Agent Crash Recovery: Resume Interrupted Runs Safely

When an agent crashes mid-sprint or a run is killed unexpectedly, RepoKernel does not leave you with a corrupted repository. A crashed or runaway agent leaves a resumable run, not a broken state — the transaction journal under <git-common-dir>/repokernel/journal/ records every in-flight multi-file operation so rk recover can replay, mark complete, or quarantine it safely. Most failures can be healed and resumed without touching sprint files by hand.

Crashes leave operational state (run records, worktrees, journals) in need of repair — they do not corrupt your tracked sprint or registry files. The recovery tools operate on the per-clone state directory, not on your Git history.

rk recover — audit and repair operational state

rk recover audits and repairs operational state under <git-common-dir>/repokernel/. It covers four phases: journal replay, worktree cleanup, stale run records, and leaked lane claims.

rk recover --preview        # list findings without mutating anything (default)
rk recover --dry-run        # alias for --preview
rk recover --apply          # heal everything: replay journals, quarantine, write recover.report.json
rk recover --journal-only --apply   # skip worktrees, runs, and lane-claim phases
rk recover --json           # JSON output of findings and planned actions

Journal classification

When --apply is passed, every pending journal entry is classified and handled as follows:

Classification	Detection	Outcome
`safe_replay`	Schema valid, content hashes match `nextHash`, each uncompleted step’s current file matches `prevHash`	Replay incomplete steps, verify `nextHash`, rename `pending → done`
`already_applied`	Schema valid, every uncompleted step’s current file already matches `nextHash`	Mark each step complete, rename `pending → done`. No file mutation
`diverged`	Schema valid, but for some step the current file matches neither `prevHash` nor `nextHash`	Quarantine to `.unrecoverable.<ts>.<rand>.json`, surface P1 finding, exit non-zero
`unknown_schema`	JSON parses but `schemaVersion` is outside the supported range	Leave pending (a newer `rk` may know how to replay), surface P1 finding, exit non-zero
`corrupt`	`JSON.parse` throws, schema validation fails, or `step.content` SHA does not match `step.nextHash`	Quarantine, surface P1 finding, exit non-zero

rk recover --apply writes a recover.report.json with the full set of actions taken.

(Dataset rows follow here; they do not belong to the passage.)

lemma cesaro_cinner_tendsto:
  "(\<lambda>N. (\<Sum>n<N. cinner ((U^^n) x) y) / of_nat N) \<longlonglongrightarrow> cinner x \<Omega> * cinner \<Omega> y"
proof -
  interpret cinner: bounded_bilinear cinner by (rule bounded_bilinear_cinner)
  have U_bl: "bounded_linear U" using unitary by (simp add: unitary_op_def bop_def)
  define avg where "avg N x = (1 / real N) *\<^sub>R (\<Sum>n<N. (U^^n) x)" for N x
  have avg_cinner: "cinner (avg N x) y = (\<Sum>n<N. cinner ((U^^n) x) y) / of_nat N" for N x y
    by (simp add: avg_def cinner.scaleR_left cinner.sum_left scaleR_conv_of_real divide_inverse_commute)
  have avg_bl: "bounded_linear (avg N)" for N
    unfolding avg_def
    by (intro bounded_linear_compose[OF bounded_linear_scaleR_right] bounded_linear_sum
        bounded_linear_funpow U_bl)
  have avg_norm: "norm (avg N x) \<le> norm x" for N x
  proof -
    have "norm (\<Sum>n<N. (U^^n) x) \<le> real N * norm x"
      using norm_sum[of "\<lambda>n. (U^^n) x" "{..<N}"] by (simp add: norm_funpow_unitary[OF unitary])
    then show ?thesis by (cases "N = 0") (auto simp: avg_def field_simps)
  qed
  have "(\<lambda>N. cinner (avg N x) y) \<longlonglongrightarrow> cinner x \<Omega> * cinner \<Omega> y"
  proof (rule bilinear_tendsto_from_dense[where b = "\<lambda>N x y. cinner (avg N x) y" and K = 2
        and c = "\<lambda>x y. cinner x \<Omega> * cinner \<Omega> y"])
    show "bounded_bilinear (\<lambda>x y. cinner (avg N x) y)" for N
      by (rule cinner.comp1[OF avg_bl])
    show "norm (cinner (avg N x) y) \<le> norm x * norm y * 2" for N x y
    proof -
      have "norm (cinner (avg N x) y) \<le> norm (avg N x) * norm y * 2" by (rule norm_cinner_le)
      also have "\<dots> \<le> norm x * norm y * 2" using avg_norm[of N x] by (simp add: mult_right_mono)
      finally show ?thesis .
    qed
    show "bounded_bilinear (\<lambda>x y. cinner x \<Omega> * cinner \<Omega> y)"
      by (rule bounded_bilinear.comp[OF bounded_bilinear_mult cinner.bounded_linear_left
            cinner.bounded_linear_right])
    show "closure {A \<Omega> | A. A \<in> \<A>} = UNIV" by (fact cyclic)
    show "closure {adjoint A \<Omega> | A. A \<in> \<A>} = UNIV" by (rule adjoint_vectors_dense)
  next
    fix x y assume "x \<in> {B \<Omega> | B. B \<in> \<A>}" "y \<in> {adjoint A \<Omega> | A. A \<in> \<A>}"
    then show "(\<lambda>N. cinner (avg N x) y) \<longlonglongrightarrow> cinner x \<Omega> * cinner \<Omega> y"
      using cesaro_cinner_tendsto_generators by (auto simp: avg_cinner)
  qed
  then show ?thesis by (simp add: avg_cinner)
qed

lemma conjugated_average_tendsto:
  assumes "bop A"
  shows "(\<lambda>N. (\<Sum>n<N. cinner (((U^^n) \<circ> A \<circ> (adjoint U^^n) \<circ>
                            (U^^(2*n)) \<circ> B \<circ> (adjoint U^^(2*n))) \<Omega>) \<Omega>) / of_nat N)
    \<longlonglongrightarrow> cinner (A \<Omega>) \<Omega> * cinner (B \<Omega>) \<Omega>"
proof -
  have "cinner (((U^^n) \<circ> A \<circ> (adjoint U^^n) \<circ> (U^^(2*n)) \<circ> B \<circ> (adjoint U^^(2*n))) \<Omega>) \<Omega>
      = cinner ((U^^n) (B \<Omega>)) (adjoint A \<Omega>)" for n
    unfolding conjugated_product_apply_fixed[OF unitary inv_vec]
    by (simp add: cinner_funpow_unitary_fixed[OF unitary inv_vec] cinner_adjoint[OF assms])
  moreover have "cinner \<Omega> (adjoint A \<Omega>) = cinner (A \<Omega>) \<Omega>"
    by (simp add: cinner_adjoint[OF assms])
  ultimately show ?thesis
    using cesaro_cinner_tendsto[of "B \<Omega>" "adjoint A \<Omega>"] by (simp add: mult.commute)
qed

lemma conjugated_average_sum_tendsto:
  assumes "\<And>i. i < k \<Longrightarrow> bop (A i)"
  shows "(\<lambda>N. (\<Sum>n<N. \<Sum>i<k. cinner (((U^^n) \<circ> A i \<circ> (adjoint U^^n) \<circ>
                            (U^^(2*n)) \<circ> B i \<circ> (adjoint U^^(2*n))) \<Omega>) \<Omega>) / of_nat N)
    \<longlonglongrightarrow> (\<Sum>i<k. cinner (A i \<Omega>) \<Omega> * cinner (B i \<Omega>) \<Omega>)"
  unfolding sum.swap[where B = "{..<k}"] sum_divide_distrib[where A = "{..<k}"]
  using assms by (intro tendsto_sum conjugated_average_tendsto) simp

end

theorem proposition5p1:
  fixes \<A> :: "('h::complex_hilbert \<Rightarrow> 'h) set"
    and U :: "'h \<Rightarrow> 'h"
    and \<Omega> :: 'h
  assumes cstar: "concrete_cstar \<A>"
    and unit_vec: "norm \<Omega> = 1"
    and cyclic: "closure {A \<Omega> | A. A \<in> \<A>} = UNIV"
    and unitary: "unitary_op U"
    and inv_vec: "U \<Omega> = \<Omega>"
    and aut: "\<forall>A\<in>\<A>. U \<circ> A \<circ> adjoint U \<in> \<A> \<and> adjoint U \<circ> A \<circ> U \<in> \<A>"
    and ergodic: "\<forall>A\<in>\<A>. \<forall>B\<in>\<A>.
        (\<lambda>N. (\<Sum>n<N. cinner (A ((U^^n) (B \<Omega>))) \<Omega>) / of_nat N)
          \<longlonglongrightarrow> cinner (A \<Omega>) \<Omega> * cinner (B \<Omega>) \<Omega>"
    and separating: "\<forall>T\<in>commutant (commutant \<A>). T \<Omega> = 0 \<longrightarrow> T = (\<lambda>x. 0)"
  shows "\<forall>(k::nat) (A :: nat \<Rightarrow> 'h \<Rightarrow> 'h) (B :: nat \<Rightarrow> 'h \<Rightarrow> 'h).
           (\<forall>i<k. A i \<in> commutant (commutant \<A>) \<and> B i \<in> commutant \<A>) \<longrightarrow>
           (\<lambda>N. (\<Sum>n<N. \<Sum>i<k.
                   cinner (((U^^n) \<circ> A i \<circ> (adjoint U^^n) \<circ>
                            (U^^(2*n)) \<circ> B i \<circ> (adjoint U^^(2*n))) \<Omega>) \<Omega>) / of_nat N)
             \<longlonglongrightarrow> (\<Sum>i<k. cinner (A i \<Omega>) \<Omega> * cinner (B i \<Omega>) \<Omega>)"
proof -
  interpret ergodic_gns_system \<A> U \<Omega>
    using cstar cyclic unitary inv_vec ergodic by unfold_locales
  show ?thesis
    by (intro allI impI conjugated_average_sum_tendsto) (simp add: commutant_def)
qed

end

Unrecoverable journals are kept indefinitely as forensic state; completed journals are garbage-collected keeping the most recent 50.

Resuming a paused run

Runs pause for several reasons — awaiting review, hitting a --limit cap, agent failure, or a merge conflict on a parallel sprint branch. List paused runs and resume them:

rk runs                        # list all runs and their status
rk runs --status paused        # filter to paused runs only
rk run inspect RUN-001         # show run state and next steps
rk run logs RUN-001            # show logs for a run
rk run --resume RUN-001        # resume from the last incomplete sprint
rk run abort RUN-001           # discard a paused run (sprints keep their current status)

The --resume flag looks up the paused run record and picks up from where it stopped. You do not need to re-pass --agent or --limit — the run record stores those values.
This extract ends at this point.